对门那女人本来还想查实他的身份的; 怕是拐卖儿童的,可是看他又是样貌堂堂的,慈眉善目的; 言辞既有礼貌又恳挚,怎么看都不像坏人,就不再查究下去了,提了几只包子回家里去了。——其实最主要是因为,她管小琪他们家的事情已经管累了,没有心力再管下去了,就放任小方把小孩带走了。
他这头也关上了门,见到小琪背了一只书包出来。
“衣物都收齐了?”
“嗯。”
“来,给哥哥检查一下。”小方将里面的衣物大致翻了一遍,看带没带够。他又朝窗外张了张,转头叫她去拿把伞。
然后,小方又和她把家里的电源电线检查了一遍,该关的都关了,这才带着她下楼去了。
刚到了楼下,轰的一声雷声响动,雨点就砸了下来,楼道入口处的那个檐下雨流如绳。
小方见雨势这样大,就低头问小琪:“不如我们回去等会儿?等雨点小了点再走?”
“大哥哥,直接走吧,或许再等也还是这么下……”
她说这话,给小方的感觉就是,在那个房子里,她一刻都不想多待。
小方和她撑着伞,冒雨前行。
出了小区,拐到街上,招了辆计程车,去高铁站。
等到两个多小时后,小方在他家小店前站着,正摸出钥匙来准备开铁皮门时,那雨势也还是不小。——浯城及周边几个城市都在下雨。
他弯着腰,蹲下去开锁,小琪站在他身后,给他撑着伞。
开门进去后,他让小琪坐着,自己则去了另一个小门脸,把狗子抱了回来。那狗一见小琪就摇尾巴,小琪也过来抱它。小方心想,也对,她们之间应该是住一起的。他问:“小琪,这狗被买回你家多长时间了?”小琪说:“买回去一个多月左右,就被她带走了。”“她”指的是她后妈,小方好像也从没听小琪叫过那个女人做“妈妈”。
小琪跟着他吃住了两天。因为家里没睡袋,小琪就在他床上睡,两人各一头,分被子。也只能这么将就了。小方还琢磨着,不如再去买个睡袋回来。毕竟她还要住几天,天天睡一个床上,总归是说不过去的。
老方发信息给小方:“明天是年三十了,你回来?”——自从出了那个女人上门找老方的事情后,老方与小方间的联系好像变少了。
上周末,老方都没来小方这里,上周末恰巧是小琪刚到的头两天;小方也没跟老方提及,他将他妈的继女带回来了。他自己都觉得这事情太过不可思议,他怕他爸听得下巴都惊掉下来。

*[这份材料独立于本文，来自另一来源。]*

lemma strong_converse_concentration:
  assumes UI: "src_uniformly_integrable S" and SC: "cond_strong_converse S"
  obtains H where "0 \<le> H"
    "\<And>\<gamma>. \<gamma> > 0 \<Longrightarrow> (\<lambda>n. measure_pmf.prob (S n) {p. H + \<gamma> < Zfun S n p}) \<longlonglongrightarrow> 0"
    "\<And>\<gamma>. \<gamma> > 0 \<Longrightarrow> (\<lambda>n. measure_pmf.prob (S n) {p. Zfun S n p < H - \<gamma>}) \<longlonglongrightarrow> 0"
proof -
  define Bs where "Bs = {b. (\<lambda>n. measure_pmf.prob (S n) {p. Zfun S n p < b}) \<longlonglongrightarrow> 0}"
  define As where "As = {a. (\<lambda>n. measure_pmf.prob (S n) {p. Zfun S n p > a}) \<longlonglongrightarrow> 0}"
  obtain H where H: "0 \<le> H" "Sup (ereal ` Bs) = ereal H"
    using uniformly_integrable_spectral_sup[OF UI] unfolding Bs_def by blast
  have HA: "Inf (ereal ` As) = ereal H"
    using SC H unfolding cond_strong_converse_def As_def Bs_def by simp
  have "(\<lambda>n. measure_pmf.prob (S n) {p. Zfun S n p < H - \<gamma>}) \<longlonglongrightarrow> 0" if "\<gamma> > 0" for \<gamma>
  proof -
    have "ereal (H - \<gamma>) < Sup (ereal ` Bs)" using H that by simp
    then obtain b where "b \<in> Bs" "H - \<gamma> < b" by (auto simp: less_SUP_iff)
    then show ?thesis unfolding Bs_def by (auto elim!: prob_tendsto_0_subset)
  qed
  moreover have "(\<lambda>n. measure_pmf.prob (S n) {p. H + \<gamma> < Zfun S n p}) \<longlonglongrightarrow> 0" if "\<gamma> > 0" for \<gamma>
  proof -
    have "Inf (ereal ` As) < ereal (H + \<gamma>)" using HA that by simp
    then obtain a where "a \<in> As" "a < H + \<gamma>" by (auto simp: INF_less_iff)
    then show ?thesis unfolding As_def by (auto elim!: prob_tendsto_0_subset)
  qed
  ultimately show ?thesis using that H(1) by blast
qed

lemma eventually_nn_integral_Zfun_gt:
  assumes UI: "src_uniformly_integrable S" and a: "a < H"
    and lower: "\<And>\<gamma>. \<gamma> > 0 \<Longrightarrow> (\<lambda>n. measure_pmf.prob (S n) {p. Zfun S n p < H - \<gamma>}) \<longlonglongrightarrow> 0"
  shows "eventually (\<lambda>n. a < enn2real (\<integral>\<^sup>+p. ennreal (Zfun S n p) \<partial>measure_pmf (S n))) sequentially"
proof -
  define e where "e n = (\<integral>\<^sup>+p. ennreal (Zfun S n p) \<partial>measure_pmf (S n))" for n
  obtain K where K: "\<And>n. n \<ge> 1 \<Longrightarrow> e n \<le> ennreal K"
    using uniformly_integrable_bounded[OF UI] unfolding e_def by blast
  define \<gamma> where "\<gamma> = (H - a) / 2"
  have g: "\<gamma> > 0" "a = H - 2 * \<gamma>" using a by (auto simp: \<gamma>_def field_simps)
  show ?thesis
  proof (cases "H - \<gamma> \<le> 0")
    case True
    then have "a < 0" using g by linarith
    then show ?thesis by (intro always_eventually allI) (meson enn2real_nonneg less_le_trans)
  next
    case False
    have "eventually (\<lambda>n. measure_pmf.prob (S n) {p. Zfun S n p < H - \<gamma>} < \<gamma> / (H - \<gamma>)) sequentially"
      using lower[OF g(1)] g False by (intro order_tendstoD) auto
    with eventually_ge_at_top[of 1] show ?thesis
    proof eventually_elim
      case (elim n)
      define q where "q = measure_pmf.prob (S n) {p. Zfun S n p < H - \<gamma>}"
      have "ennreal ((H - \<gamma>) * (1 - q)) \<le> e n"
        using nn_integral_Zfun_ge[of "H - \<gamma>" S n] False by (simp add: e_def q_def)
      moreover have "e n \<noteq> \<top>" using K[OF elim(1)] by (auto simp: top_unique)
      ultimately have "(H - \<gamma>) * (1 - q) \<le> enn2real (e n)"
        using False by (cases "e n") (auto simp: ennreal_le_iff2)
      moreover have "q * (H - \<gamma>) < \<gamma>" using elim(2) False by (simp add: q_def pos_less_divide_eq)
      ultimately show ?case using g by (simp add: algebra_simps e_def)
    qed
  qed
qed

小方回复:“爸,明天我去你哪里吧。我带一个小姑娘去。”
他爸忽然好奇:“什么小姑娘?终于交女朋友啦?”在浯城,只要是二十四岁及以下的女孩,都可被称为小姑娘。老方突然有点兴奋,还以为儿子终于谈女朋友了。
“不是,她是……”小方将小琪的事情跟他爸报告了一遍。还说这件事也超出了他的预料,他本来只是想上门警告那个女人不要再烦他们的,哪知遇上了小琪,她一个人在那边,日子实在不知道要怎么过。更何况现在是年关,什么事都得等过了这个年再说。

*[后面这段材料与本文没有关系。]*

(* Let $\pi_\bullet\in\mathrm{Dr}(k,n)$. For every $I\in\binom{[n]}k$, $$\pi_I=-\min_{\mathbf y\in\mathrm{Vert}(B(\pi_\bullet))}\sum_{i\in I}-\tilde y_i,$$ where for a vertex $\mathbf y$ of $B(\pi_\bullet)$, $\tilde{\mathbf y}=(\tilde y_1,\dots,\tilde y_n)\in\mathbb R^n$ is its lift.
   Context: $\mathrm{Dr}(k,n)$ is the set of $\pi_\bullet\in\mathbb R^{\binom{[n]}k}$ such that for every $S\in\binom{[n]}{k-2}$ and $a<b<c<d$ in $[n]\setminus S$, $\min(\pi_{Sab}+\pi_{Scd},\pi_{Sac}+\pi_{Sbd},\pi_{Sad}+\pi_{Sbc})$ is attained at least twice. For $\mathbf x\in\mathbb R^n$, $\pi^{\mathbf x}_I=\pi_I-\sum_{i\in I}x_i$, and $M(\pi^{\mathbf x}_\bullet)=\{I:\pi^{\mathbf x}_I=\min_J\pi^{\mathbf x}_J\}$ (a matroid). The tropical linear space $L(\pi_\bullet)\subset\mathbb R^n/\mathbf 1$ is the set of $\mathbf x$ such that for each $\tau\in\binom{[n]}{k+1}$, $\min_{i\in\tau}(\pi_{\tau\setminus i}+x_i)$ is attained at least twice. Its matroid complex structure is the stratification into faces on which $M(\pi^{\mathbf x}_\bullet)$ is constant; $B(\pi_\bullet)$ is the subcomplex of bounded faces and $\mathrm{Vert}(B(\pi_\bullet))$ its vertices. For $\mathbf y\in L(\pi_\bullet)$ its lift $\tilde{\mathbf y}\in\mathbb R^n$ is the representative with $\min_I\pi^{\tilde{\mathbf y}}_I=0$. *)

theory Defs
  imports Complex_Main
begin

definition binom :: "nat \<Rightarrow> nat \<Rightarrow> nat set set" where
  "binom n k = {I. I \<subseteq> {1..n} \<and> card I = k}"

definition min_twice :: "'a set \<Rightarrow> ('a \<Rightarrow> real) \<Rightarrow> bool" where
  "min_twice A f \<longleftrightarrow>
     (\<exists>i\<in>A. \<exists>j\<in>A. i \<noteq> j \<and> (\<forall>l\<in>A. f i \<le> f l) \<and> f j = f i)"

text \<open>Dressian Dr(k,n); a point is a function on k-subsets (values elsewhere irrelevant).\<close>
definition dressian :: "nat \<Rightarrow> nat \<Rightarrow> (nat set \<Rightarrow> real) set" where
  "dressian k n = {\<pi>. \<forall>S a b c d.
      S \<subseteq> {1..n} \<and> card S + 2 = k \<and> a < b \<and> b < c \<and> c < d \<and>
      {a, b, c, d} \<subseteq> {1..n} - S \<longrightarrow>
      min_twice {1::nat, 2, 3}
        (\<lambda>j. if j = 1 then \<pi> (S \<union> {a, b}) + \<pi> (S \<union> {c, d})
             else if j = 2 then \<pi> (S \<union> {a, c}) + \<pi> (S \<union> {b, d})
             else \<pi> (S \<union> {a, d}) + \<pi> (S \<union> {b, c}))}"

definition twist :: "(nat set \<Rightarrow> real) \<Rightarrow> (nat \<Rightarrow> real) \<Rightarrow> nat set \<Rightarrow> real" where
  "twist \<pi> x I = \<pi> I - (\<Sum>i\<in>I. x i)"

definition min_matroid :: "nat \<Rightarrow> nat \<Rightarrow> (nat set \<Rightarrow> real) \<Rightarrow> (nat \<Rightarrow> real) \<Rightarrow> nat set set" where
  "min_matroid n k \<pi> x =
     {I \<in> binom n k. \<forall>J \<in> binom n k. twist \<pi> x I \<le> twist \<pi> x J}"

text \<open>Tropical linear space L(pi), as a set of representatives in R^n
  (only the coordinates 1..n matter; the condition is invariant under adding multiples of 1).\<close>
definition trop_lin_space :: "nat \<Rightarrow> nat \<Rightarrow> (nat set \<Rightarrow> real) \<Rightarrow> (nat \<Rightarrow> real) set" where
  "trop_lin_space n k \<pi> =
     {x. \<forall>\<tau> \<in> binom n (k + 1). min_twice \<tau> (\<lambda>i. \<pi> (\<tau> - {i}) + x i)}"

definition proj_eq :: "nat \<Rightarrow> (nat \<Rightarrow> real) \<Rightarrow> (nat \<Rightarrow> real) \<Rightarrow> bool" where
  "proj_eq n x y \<longleftrightarrow> (\<exists>c. \<forall>i\<in>{1..n}. x i = y i + c)"

text \<open>The faces of the matroid complex structure of L(pi) are the strata
  {x in L(pi). M(pi^x) = M}. A vertex of B(pi) is a 0-dimensional face, i.e. a
  point y of L(pi) whose stratum is the single point y of R^n/1.\<close>
definition is_vertex :: "nat \<Rightarrow> nat \<Rightarrow> (nat set \<Rightarrow> real) \<Rightarrow> (nat \<Rightarrow> real) \<Rightarrow> bool" where
  "is_vertex n k \<pi> y \<longleftrightarrow> y \<in> trop_lin_space n k \<pi> \<and>
     (\<forall>y' \<in> trop_lin_space n k \<pi>.
        min_matroid n k \<pi> y' = min_matroid n k \<pi> y \<longrightarrow> proj_eq n y' y)"

definition is_lift :: "nat \<Rightarrow> nat \<Rightarrow> (nat set \<Rightarrow> real) \<Rightarrow> (nat \<Rightarrow> real) \<Rightarrow> bool" where
  "is_lift n k \<pi> y \<longleftrightarrow> (\<forall>i. i \<notin> {1..n} \<longrightarrow> y i = 0) \<and>
     Min (twist \<pi> y ` binom n k) = 0"

definition vertex_lifts :: "nat \<Rightarrow> nat \<Rightarrow> (nat set \<Rightarrow> real) \<Rightarrow> (nat \<Rightarrow> real) set" where
  "vertex_lifts n k \<pi> = {y. is_vertex n k \<pi> y \<and> is_lift n k \<pi> y}"

end

theory Submission
  imports Defs
begin

text \<open>Every lift \<open>z\<close> satisfies \<open>\<pi>\<^sup>z\<^sub>I \<ge> min\<^sub>J \<pi>\<^sup>z\<^sub>J = 0\<close>, that is \<open>(\<Sum>i\<in>I. z i) \<le> \<pi> I\<close>;
  the point is to find a vertex whose lift attains equality.

  By the three-term Pluecker relations, \<open>\<pi>\<close> and every \<open>\<pi>\<^sup>x\<close> have the valuated exchange
  property, so a \<open>k\<close>-set \<open>I\<close> minimising \<open>\<pi>\<^sup>x\<close> among its single exchanges \<open>I - i + j\<close>
  minimises \<open>\<pi>\<^sup>x\<close> globally. Among the \<open>x\<close> for which \<open>I\<close> is such a local minimum choose
  one with the largest number of tight exchanges. If the graph of tight exchanges on
  \<open>[n]\<close> were disconnected, shifting \<open>x\<close> on one side of a cut would create a further
  tight exchange; so it is connected. Then every element lies in a basis of \<open>M(\<pi>\<^sup>x)\<close>,
  which puts \<open>x\<close> into \<open>L(\<pi>)\<close>, and any \<open>x'\<close> with the same matroid differs from \<open>x\<close> by the
  same constant along each tight edge, hence everywhere. So \<open>x\<close> is a vertex, and
  \<open>\<pi>\<^sup>x\<^sub>I = min\<^sub>J \<pi>\<^sup>x\<^sub>J\<close> says that its lift attains the bound.\<close>

lemma finite_binom: "finite (binom n k)"
  unfolding binom_def by (rule finite_subset[of _ "Pow {1..n}"]) auto

lemma binomD:
  assumes "B \<in> binom n k"
  shows "B \<subseteq> {1..n}" "card B = k" "finite B"
  using assms unfolding binom_def by (auto intro: finite_subset)

lemma insert_Diff_in_binom:
  assumes "B \<in> binom n k" "a \<in> B" "b \<in> {1..n}" "b \<notin> B"
  shows "insert b (B - {a}) \<in> binom n k"
  using assms binomD[OF assms(1)] card_Suc_Diff1[of B a] unfolding binom_def
  by (auto simp: card_insert_if)

lemma card_Diff_binom_commute:
  "B \<in> binom n k \<Longrightarrow> B' \<in> binom n k \<Longrightarrow> card (B' - B) = card (B - B')"
  by (metis binomD(2,3) card_Diff_subset_Int finite_Int Int_commute)

lemma sum_insert_Diff:
  fixes x :: "'a \<Rightarrow> 'b::ab_group_add"
  assumes "finite B" "a \<in> B" "b \<notin> B"
  shows "sum x (insert b (B - {a})) = sum x B - x a + x b"
  using assms by (simp add: sum_diff1)

section \<open>Three-term Pluecker relations\<close>

definition three_term_le :: "(nat set \<Rightarrow> real) \<Rightarrow> nat set \<Rightarrow> nat \<Rightarrow> nat \<Rightarrow> nat \<Rightarrow> nat \<Rightarrow> bool" where
  "three_term_le \<pi> S p q r s \<longleftrightarrow>
     min (\<pi> (S \<union> {p, r}) + \<pi> (S \<union> {q, s})) (\<pi> (S \<union> {p, s}) + \<pi> (S \<union> {q, r}))
       \<le> \<pi> (S \<union> {p, q}) + \<pi> (S \<union> {r, s})"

老方想了想,就同意了。但他心里存有隐忧,他有点怕小孩赖着不走,她毕竟也不关他们家什么事,他怕小方心太软,万一看小孩可怜,到时要是不送走,可怎么办,这年头养一个小孩很贵的。
所以他知道这件事后,就一直在心中想着,过了年之后,一定要盯着儿子把小姑娘送走。他觉得就连养那个小狗都挺贵的,老方见这么久了,那个女的也不再联系他了,他就在想,那女的是不是不想再要小狗了,估计转手卖一卖,也就一千来块钱,她又急着不知道要跑路跑到哪里去,就索性连卖也懒得卖了。老方这几天甚至想着,要不要叫小方把小狗给卖掉。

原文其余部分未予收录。